A recent meta-analysis concluded that prophylactic use of corticosteroids significantly reduces the prevalence and severity of sore throat, hoarseness, laryngeal edema and reintubation associated to tracheal intubation after surgery under general anesthesia.5
Conclusions
In the described clinical case, it is possible to recognize various risk factors for the development of vocal cord paralysis after endotracheal intubation (age over 50, history of diabetes mellitus and duration of the elective surgery). However, during the intubation process, no alteration or difficulty is described. Vocal cord paralysis exclusively jeopardized the left vocal cord, as is described in most previously reported cases in the literature.

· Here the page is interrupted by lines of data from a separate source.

(* Let $n\geq 2$, $m\geq 1$, $r\geq 2$ be integers and let $\alpha$ be an integer with $1\leq\alpha<(m+1)^n$. Then $\Gamma_n^{\alpha,r}$ is homotopy equivalent to the induced subcomplex of $\Gamma_n^{\alpha,r}$ on the vertex set $\{x\in V(\Gamma_n^{\alpha,r}) : |x_i|\leq\lfloor r/2\rfloor \text{ for all } 1\leq i\leq n\}$.
   Context: $\mathbb{Z}^n$ carries the Manhattan metric $d(x,y)=\sum_i|x_i-y_i|$; for $X\subseteq\mathbb{Z}^n$, $\mathrm{VR}(X;r)$ is the simplicial complex on $X$ whose simplices are finite subsets of diameter at most $r$. Let $\prec$ be the anti-lexicographic order on $\mathbb{Z}^n$: $x\prec y$ iff at the largest index $i$ with $x_i\neq y_i$ one has $x_i<y_i$. Let $V_m=\{0,\ldots,m\}^n$. Let $H$ be $V_m$ with its first $\alpha$ elements (with respect to $\prec$) removed, $\delta$ the $\prec$-least element of $H$, and $Y=\{x-\delta: x\in H\}$ (so $\mathbf{0}=(0,\ldots,0)$ is the least element of $Y$). Then $\Gamma_n^{\alpha,r}$ is the link of $\mathbf{0}$ in $\mathrm{VR}(Y;r)$, i.e. the complex of simplices $\tau$ of $\mathrm{VR}(Y;r)$ with $\mathbf{0}\notin\tau$ and $\tau\cup\{\mathbf{0}\}\in\mathrm{VR}(Y;r)$. For a simplicial complex $K$ and a set $W$ of vertices, the induced subcomplex on $W$ consists of the simplices of $K$ contained in $W$. *)

theory Defs
  imports "HOL-Analysis.Analysis"
begin

text \<open>Points of Z^n are integer lists of length n; coordinate i (1-based in the paper)
  is the list entry at index i-1.\<close>

definition manh :: "int list \<Rightarrow> int list \<Rightarrow> int" where
  "manh x y = (\<Sum>i<length x. \<bar>x ! i - y ! i\<bar>)"

definition antilex_less :: "int list \<Rightarrow> int list \<Rightarrow> bool" where
  "antilex_less x y \<longleftrightarrow> length x = length y \<and>
     (\<exists>i<length x. x ! i < y ! i \<and> (\<forall>j. i < j \<and> j < length x \<longrightarrow> x ! j = y ! j))"

definition cube :: "nat \<Rightarrow> nat \<Rightarrow> int list set" where
  "cube n m = {x. length x = n \<and> (\<forall>i<n. 0 \<le> x ! i \<and> x ! i \<le> int m)}"

text \<open>Position (0-based) of x in the anti-lex ordering of the cube.\<close>
definition cube_rank :: "nat \<Rightarrow> nat \<Rightarrow> int list \<Rightarrow> nat" where
  "cube_rank n m x = card {y \<in> cube n m. antilex_less y x}"

definition Hset :: "nat \<Rightarrow> nat \<Rightarrow> nat \<Rightarrow> int list set" where
  "Hset n m \<alpha> = {x \<in> cube n m. \<alpha> \<le> cube_rank n m x}"

definition delta :: "nat \<Rightarrow> nat \<Rightarrow> nat \<Rightarrow> int list" where
  "delta n m \<alpha> = (THE d. d \<in> Hset n m \<alpha> \<and> (\<forall>x \<in> Hset n m \<alpha>. x \<noteq> d \<longrightarrow> antilex_less d x))"

definition Yset :: "nat \<Rightarrow> nat \<Rightarrow> nat \<Rightarrow> int list set" where
  "Yset n m \<alpha> = (\<lambda>x. map2 (-) x (delta n m \<alpha>)) ` Hset n m \<alpha>"

definition VR :: "int list set \<Rightarrow> int \<Rightarrow> int list set set" where
  "VR X r = {\<tau>. \<tau> \<noteq> {} \<and> finite \<tau> \<and> \<tau> \<subseteq> X \<and> (\<forall>x\<in>\<tau>. \<forall>y\<in>\<tau>. manh x y \<le> r)}"

definition link :: "'a set set \<Rightarrow> 'a \<Rightarrow> 'a set set" where
  "link K v = {\<tau> \<in> K. v \<notin> \<tau> \<and> insert v \<tau> \<in> K}"

definition Gamma :: "nat \<Rightarrow> nat \<Rightarrow> nat \<Rightarrow> int \<Rightarrow> int list set set" where
  "Gamma n m \<alpha> r = link (VR (Yset n m \<alpha>) r) (replicate n 0)"

definition vertices :: "'a set set \<Rightarrow> 'a set" where
  "vertices K = \<Union> K"

definition induced :: "'a set set \<Rightarrow> 'a set \<Rightarrow> 'a set set" where
  "induced K W = {\<tau> \<in> K. \<tau> \<subseteq> W}"

text \<open>Geometric realization of a (finite) simplicial complex K: barycentric-coordinate functions
  supported on a simplex of K, with the topology induced from the product topology
  (which for finite complexes is the usual topology of the realization).\<close>
definition realization :: "'a set set \<Rightarrow> ('a \<Rightarrow> real) topology" where
  "realization K = subtopology (powertop_real UNIV)
     {f. (\<forall>v. 0 \<le> f v) \<and> {v. f v \<noteq> 0} \<in> K \<and> sum f {v. f v \<noteq> 0} = 1}"

end

theory Submission
  imports Defs
begin

text \<open>A vertex y of a simplicial complex K is dominated by a vertex w \<noteq> y if adding w to any
  simplex containing y gives a simplex of K. Then sliding the barycentric weight of y linearly
  onto w is a deformation retraction of the realization of K onto that of K with y deleted.
  In \<Gamma>, a vertex y with \<bar>y_i\<bar> > \<lfloor>r/2\<rfloor> is dominated by the point obtained from y by moving y_i one
  step towards 0: that point still lies in Y because H is an up-set of the cube for the
  anti-lexicographic order, and it remains within distance r of every point that is within
  distance r of both y and the origin. Deleting such vertices in order of decreasing distance
  from the origin leaves exactly the induced subcomplex.\<close>

definition simplicial_complex :: "'a set set \<Rightarrow> bool" where
  "simplicial_complex K \<longleftrightarrow>
     (\<forall>\<sigma>\<in>K. finite \<sigma>) \<and> (\<forall>\<sigma>\<in>K. \<forall>\<tau>. \<tau> \<subseteq> \<sigma> \<longrightarrow> \<tau> \<noteq> {} \<longrightarrow> \<tau> \<in> K)"

definition dominates :: "'a set set \<Rightarrow> 'a \<Rightarrow> 'a \<Rightarrow> bool" where
  "dominates K w y \<longleftrightarrow> w \<noteq> y \<and> (\<forall>\<sigma>\<in>K. y \<in> \<sigma> \<longrightarrow> insert w \<sigma> \<in> K)"

lemma simplicial_complex_induced:
  "simplicial_complex K \<Longrightarrow> simplicial_complex (induced K S)"
  by (auto simp: simplicial_complex_def induced_def)

lemma induced_vertices: "induced K (vertices K) = K"
  by (auto simp: induced_def vertices_def)

lemma topspace_realization:
  "topspace (realization K) = {f. (\<forall>v. 0 \<le> f v) \<and> {v. f v \<noteq> 0} \<in> K \<and> sum f {v. f v \<noteq> 0} = 1}"
  by (simp add: realization_def)

lemma continuous_map_realization_coordinate:
  "continuous_map (realization K) euclideanreal (\<lambda>f. f v)"
  unfolding realization_def
  by (rule continuous_map_from_subtopology) (rule continuous_map_product_projection, simp)

lemma continuous_map_into_realization:
  assumes "\<And>v. continuous_map X euclideanreal (\<lambda>x. g x v)"
    and "\<And>x. x \<in> topspace X \<Longrightarrow> g x \<in> topspace (realization K)"
  shows "continuous_map X (realization K) g"
  using assms unfolding realization_def
  by (auto simp: continuous_map_in_subtopology continuous_map_componentwise_UNIV)

definition move_weight :: "'a \<Rightarrow> 'a \<Rightarrow> real \<Rightarrow> ('a \<Rightarrow> real) \<Rightarrow> 'a \<Rightarrow> real" where
  "move_weight y w t f v =
     f v + (if v = w then (1 - t) * f y else 0) - (if v = y then (1 - t) * f y else 0)"

lemma move_weight_eq_self: "f y = 0 \<Longrightarrow> move_weight y w t f = f"
  by (auto simp: move_weight_def fun_eq_iff)

lemma move_weight_in_realization:
  assumes K: "simplicial_complex K" and dom: "dominates K w y"
    and f: "f \<in> topspace (realization K)" and t: "0 \<le> t" "t \<le> 1"
  shows "move_weight y w t f \<in> topspace (realization K)"
proof (cases "f y = 0")
  case True
  then show ?thesis using f by (simp add: move_weight_eq_self)
next
  case False
  let ?g = "move_weight y w t f"
  have f0: "\<forall>v. 0 \<le> f v" and fK: "{v. f v \<noteq> 0} \<in> K" and f1: "sum f {v. f v \<noteq> 0} = 1"
    using f by (auto simp: topspace_realization)
  define U where "U = insert w {v. f v \<noteq> 0}"
  have wy: "w \<noteq> y" and UK: "U \<in> K"
    using dom fK False by (auto simp: dominates_def U_def)
  have finU: "finite U" and yU: "y \<in> U" and wU: "w \<in> U"
    using UK K False by (auto simp: simplicial_complex_def U_def)
  have "0 \<le> ?g v" for v
    using f0 t wy mult_left_le_one_le[of "f y" "1 - t"]
    by (cases "v = w"; cases "v = y") (auto simp: move_weight_def)
  moreover have gU: "{v. ?g v \<noteq> 0} \<subseteq> U"
    by (auto simp: move_weight_def U_def split: if_splits)
  moreover have "sum ?g {v. ?g v \<noteq> 0} = 1"
  proof -
    have "sum ?g {v. ?g v \<noteq> 0} = sum ?g U"
      using finU gU by (intro sum.mono_neutral_left) auto
    also have "\<dots> = sum f U"
      using finU yU wU by (simp add: move_weight_def sum.distrib sum_subtractf)
    also have "\<dots> = sum f {v. f v \<noteq> 0}"
      using finU by (intro sum.mono_neutral_right) (auto simp: U_def)
    finally show ?thesis using f1 by simp
  qed
  moreover from this have "{v. ?g v \<noteq> 0} \<in> K"
    using K UK gU unfolding simplicial_complex_def by (metis sum.empty zero_neq_one)
  ultimately show ?thesis
    by (simp add: topspace_realization)
qed
(* Let $\Phi=\forall u_1\ldots\forall u_n\exists e_1(D_1)\ldots\exists e_m(D_m).\varphi$ be a DQBF, let $A$ be a set of arbiter variables with arbiter clauses $\varphi_A$, let $\tau$ be a (partial) assignment to $A$, and let $\rho\in[U]$. Then $\varphi\wedge\varphi_A\wedge\tau\wedge\rho$ and $\varphi^\rho\wedge\tau^\rho$ are equisatisfiable.
   Context: For a set $V$ of variables, $[V]$ is the set of assignments $V\to\{\textsc{true},\textsc{false}\}$; an assignment is identified with the term (conjunction) of the literals it makes true, $\neg\sigma$ denotes the clause consisting of the negations of these literals, and $\sigma|_W$ denotes restriction. A DQBF is $\Phi=\forall u_1\ldots\forall u_n\exists e_1(D_1)\ldots\exists e_m(D_m).\varphi$ with pairwise distinct variables, $U=\{u_i\}$, $E=\{e_j\}$, dependency sets $D(e_j)=D_j\subseteq U$, and $\varphi$ a CNF over $U\cup E$. Arbiter variables: for $e\in E$ and $\sigma\in[D(e)]$, $e^\sigma$ is a fresh propositional variable (different annotations give different variables); for a literal $\ell$ on $e$, $\ell^\sigma$ is the literal on $e^\sigma$ of the same polarity. For a set $A$ of arbiter variables, the arbiter clauses are $\varphi_A=\bigwedge_{e^\sigma\in A}\big((e^\sigma\vee\neg\sigma\vee\neg e)\wedge(\neg e^\sigma\vee\neg\sigma\vee e)\big)$. For a partial assignment $\tau$ of $A$ (viewed as a set of arbiter literals) and $\rho\in[U]$, let $\tau^\rho=\{\ell^\sigma\in\tau\mid \rho\models\sigma\}$. For $\rho\in[U]$, the instantiation of $\varphi$ by $\rho$ is the CNF $\varphi^\rho=\{\{x^{\rho|_{D(\mathit{var}(x))}}\mid x\in C,\ \mathit{var}(x)\in E\}\mid C\in\varphi,\ \text{no universal literal of } C \text{ is satisfied by }\rho\}$, whose variables $e^{\rho|_{D(e)}}$ are identified with the arbiter variables of the same name. *)

theory Defs
  imports Main
begin

text \<open>Propositional variables: universal variables, existential variables, and
arbiter variables e^sigma where sigma is an assignment of D(e), represented as a
partial map with domain D(e).\<close>
datatype ('u, 'e) var = UVar 'u | EVar 'e | Arb 'e "'u \<rightharpoonup> bool"

type_synonym ('u, 'e) lit = "('u, 'e) var \<times> bool"
type_synonym ('u, 'e) clause = "('u, 'e) lit set"
type_synonym ('u, 'e) cnf = "('u, 'e) clause set"

definition lit_sat :: "(('u, 'e) var \<Rightarrow> bool) \<Rightarrow> ('u, 'e) lit \<Rightarrow> bool" where
  "lit_sat \<alpha> l \<longleftrightarrow> \<alpha> (fst l) = snd l"

definition cnf_sat :: "(('u, 'e) var \<Rightarrow> bool) \<Rightarrow> ('u, 'e) cnf \<Rightarrow> bool" where
  "cnf_sat \<alpha> F \<longleftrightarrow> (\<forall>C\<in>F. \<exists>l\<in>C. lit_sat \<alpha> l)"

definition satisfiable :: "('u, 'e) cnf \<Rightarrow> bool" where
  "satisfiable F \<longleftrightarrow> (\<exists>\<alpha>. cnf_sat \<alpha> F)"

definition equisat :: "('u, 'e) cnf \<Rightarrow> ('u, 'e) cnf \<Rightarrow> bool" where
  "equisat F G \<longleftrightarrow> (satisfiable F \<longleftrightarrow> satisfiable G)"

definition assignments :: "'u set \<Rightarrow> ('u \<rightharpoonup> bool) set" where
  "assignments W = {\<sigma>. dom \<sigma> = W}"

definition restr :: "('u \<Rightarrow> bool) \<Rightarrow> 'u set \<Rightarrow> ('u \<rightharpoonup> bool)" where
  "restr \<rho> W = (\<lambda>u. if u \<in> W then Some (\<rho> u) else None)"

definition models_term :: "('u \<Rightarrow> bool) \<Rightarrow> ('u \<rightharpoonup> bool) \<Rightarrow> bool" where
  "models_term \<rho> \<sigma> \<longleftrightarrow> (\<forall>u b. \<sigma> u = Some b \<longrightarrow> \<rho> u = b)"

definition neg_term :: "('u \<rightharpoonup> bool) \<Rightarrow> ('u, 'e) clause" where
  "neg_term \<sigma> = {(UVar u, \<not> b) | u b. \<sigma> u = Some b}"

definition is_arbiter_var :: "('e \<Rightarrow> 'u set) \<Rightarrow> 'e set \<Rightarrow> ('u, 'e) var \<Rightarrow> bool" where
  "is_arbiter_var D E x \<longleftrightarrow> (\<exists>e \<sigma>. x = Arb e \<sigma> \<and> e \<in> E \<and> \<sigma> \<in> assignments (D e))"

definition dqbf :: "'u set \<Rightarrow> 'e set \<Rightarrow> ('e \<Rightarrow> 'u set) \<Rightarrow> ('u, 'e) cnf \<Rightarrow> bool" where
  "dqbf U E D \<phi> \<longleftrightarrow> finite U \<and> finite E \<and> finite \<phi> \<and> (\<forall>C\<in>\<phi>. finite C) \<and>
     (\<forall>e\<in>E. D e \<subseteq> U) \<and>
     (\<forall>C\<in>\<phi>. \<forall>(x, b)\<in>C. (\<exists>u\<in>U. x = UVar u) \<or> (\<exists>e\<in>E. x = EVar e))"

definition arbiter_clauses :: "('u, 'e) var set \<Rightarrow> ('u, 'e) cnf" where
  "arbiter_clauses A =
     (\<Union>e. \<Union>\<sigma>. if Arb e \<sigma> \<in> A then
        {insert (Arb e \<sigma>, True) (insert (EVar e, False) (neg_term \<sigma>)),
         insert (Arb e \<sigma>, False) (insert (EVar e, True) (neg_term \<sigma>))}
      else {})"

definition partial_assignment :: "('u, 'e) var set \<Rightarrow> ('u, 'e) lit set \<Rightarrow> bool" where
  "partial_assignment A \<tau> \<longleftrightarrow> (\<forall>(x, b)\<in>\<tau>. x \<in> A) \<and>
     (\<forall>x b. (x, b) \<in> \<tau> \<longrightarrow> (x, \<not> b) \<notin> \<tau>)"

definition units :: "('u, 'e) lit set \<Rightarrow> ('u, 'e) cnf" where
  "units L = {{l} | l. l \<in> L}"

definition univ_term :: "'u set \<Rightarrow> ('u \<Rightarrow> bool) \<Rightarrow> ('u, 'e) lit set" where
  "univ_term U \<rho> = {(UVar u, \<rho> u) | u. u \<in> U}"

definition tau_restr :: "('u, 'e) lit set \<Rightarrow> ('u \<Rightarrow> bool) \<Rightarrow> ('u, 'e) lit set" where
  "tau_restr \<tau> \<rho> = {(Arb e \<sigma>, b) | e \<sigma> b. (Arb e \<sigma>, b) \<in> \<tau> \<and> models_term \<rho> \<sigma>}"

definition instantiate :: "('e \<Rightarrow> 'u set) \<Rightarrow> ('u, 'e) cnf \<Rightarrow> ('u \<Rightarrow> bool) \<Rightarrow> ('u, 'e) cnf" where
  "instantiate D \<phi> \<rho> =
     {{(Arb e (restr \<rho> (D e)), b) | e b. (EVar e, b) \<in> C} | C.
        C \<in> \<phi> \<and> \<not> (\<exists>u b. (UVar u, b) \<in> C \<and> \<rho> u = b)}"

end

theory Submission
  imports Defs
begin

text \<open>The arbiter clauses of \<open>e\<^sup>\<sigma>\<close> contain \<open>\<not>\<sigma>\<close>, so under \<open>\<rho>\<close> they are
satisfied outright unless \<open>\<rho> \<Turnstile> \<sigma>\<close>, and then they say exactly \<open>e\<^sup>\<sigma> \<leftrightarrow> e\<close>; for
\<open>\<sigma> \<in> [D(e)]\<close> this happens only for \<open>\<sigma> = \<rho>|D(e)\<close>. Hence a model of
\<open>\<phi> \<and> \<phi>\<^sub>A \<and> \<tau> \<and> \<rho>\<close> gives a model of \<open>\<phi>\<^sup>\<rho> \<and> \<tau>\<^sup>\<rho>\<close> by reading each \<open>e^(\<rho>|D(e))\<close>
off \<open>e\<close>; conversely a model of \<open>\<phi>\<^sup>\<rho> \<and> \<tau>\<^sup>\<rho>\<close> extends to one of \<open>\<phi> \<and> \<phi>\<^sub>A \<and> \<tau> \<and> \<rho>\<close> by
setting the universals to \<open>\<rho>\<close>, each \<open>e\<close> to \<open>e^(\<rho>|D(e))\<close>, and the arbiters not selected
by \<open>\<rho>\<close> as the consistent \<open>\<tau>\<close> prescribes. In both directions a clause of \<open>\<phi>\<close> whose
universal part \<open>\<rho>\<close> falsifies is satisfied exactly when its instance in \<open>\<phi>\<^sup>\<rho>\<close> is.\<close>

lemma cnf_sat_Un [simp]: "cnf_sat \<alpha> (F \<union> G) \<longleftrightarrow> cnf_sat \<alpha> F \<and> cnf_sat \<alpha> G"
  unfolding cnf_sat_def by blast

lemma cnf_sat_units: "cnf_sat \<alpha> (units L) \<longleftrightarrow> (\<forall>l\<in>L. lit_sat \<alpha> l)"
  unfolding cnf_sat_def units_def by blast

lemma cnf_sat_units_univ_term:
  "cnf_sat \<alpha> (units (univ_term U \<rho>)) \<longleftrightarrow> (\<forall>u\<in>U. \<alpha> (UVar u) = \<rho> u)"
  unfolding cnf_sat_units univ_term_def lit_sat_def by auto

lemma models_term_iff_eq_restr:
  assumes "dom \<sigma> = W"
  shows "models_term \<rho> \<sigma> \<longleftrightarrow> \<sigma> = restr \<rho> W"
proof
  assume "models_term \<rho> \<sigma>"
  show "\<sigma> = restr \<rho> W"
  proof
    fix u show "\<sigma> u = restr \<rho> W u"
      using assms \<open>models_term \<rho> \<sigma>\<close> unfolding restr_def models_term_def by (cases "\<sigma> u") auto
  qed
qed (use assms in \<open>auto simp: models_term_def restr_def split: if_splits\<close>)

lemma models_term_cong:
  "(\<And>u. u \<in> dom \<sigma> \<Longrightarrow> \<rho> u = \<rho>' u) \<Longrightarrow> models_term \<rho> \<sigma> \<longleftrightarrow> models_term \<rho>' \<sigma>"
  unfolding models_term_def by (metis domI)

lemma neg_term_sat_iff:
  "(\<exists>l\<in>neg_term \<sigma>. lit_sat \<alpha> l) \<longleftrightarrow> \<not> models_term (\<lambda>u. \<alpha> (UVar u)) \<sigma>"
  unfolding neg_term_def models_term_def lit_sat_def by auto

lemma cnf_sat_arbiter_clauses:
  "cnf_sat \<alpha> (arbiter_clauses A) \<longleftrightarrow>
     (\<forall>e \<sigma>. Arb e \<sigma> \<in> A \<longrightarrow> models_term (\<lambda>u. \<alpha> (UVar u)) \<sigma> \<longrightarrow> \<alpha> (Arb e \<sigma>) = \<alpha> (EVar e))"
proof -
  have "(\<forall>C\<in>{insert (Arb e \<sigma>, True) (insert (EVar e, False) (neg_term \<sigma>)),
               insert (Arb e \<sigma>, False) (insert (EVar e, True) (neg_term \<sigma>))}.
           \<exists>l\<in>C. lit_sat \<alpha> l)
        \<longleftrightarrow> (models_term (\<lambda>u. \<alpha> (UVar u)) \<sigma> \<longrightarrow> \<alpha> (Arb e \<sigma>) = \<alpha> (EVar e))" for e \<sigma>
    using neg_term_sat_iff[of \<sigma> \<alpha>] unfolding lit_sat_def by auto
  then show ?thesis
    unfolding cnf_sat_def arbiter_clauses_def by (auto split: if_splits)
qed

definition instantiate_clause :: "('e \<Rightarrow> 'u set) \<Rightarrow> ('u \<Rightarrow> bool) \<Rightarrow> ('u, 'e) clause \<Rightarrow> ('u, 'e) clause" where
  "instantiate_clause D \<rho> C = {(Arb e (restr \<rho> (D e)), b) | e b. (EVar e, b) \<in> C}"

lemma instantiate_eq_image:
  "instantiate D \<phi> \<rho> = instantiate_clause D \<rho> ` {C \<in> \<phi>. \<not> (\<exists>u b. (UVar u, b) \<in> C \<and> \<rho> u = b)}"
  unfolding instantiate_def instantiate_clause_def by blast

lemma cnf_sat_instantiate_iff:
  "cnf_sat \<beta> (instantiate D \<phi> \<rho>) \<longleftrightarrow>
     (\<forall>C\<in>\<phi>. (\<exists>u b. (UVar u, b) \<in> C \<and> \<rho> u = b) \<or>
        (\<exists>e b. (EVar e, b) \<in> C \<and> \<beta> (Arb e (restr \<rho> (D e))) = b))"
  unfolding instantiate_eq_image cnf_sat_def instantiate_clause_def lit_sat_def by auto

While being a rare complication of general anesthesia, it is necessary to take it into consideration within the diagnostic possibilities faced with the appearance of hoarseness in the postoperative period, in order to provide adequate multidisciplinary treatment. Management, however, must be focused on prevention.
Conflicts of interest
The authors declare no conflicts of interest.
Footnotes
This case report has been approved by the Scientific-Ethic Committee of the Faculty of Medicine, Pontificia Universidad Católica de Chile (Project n. 16-188).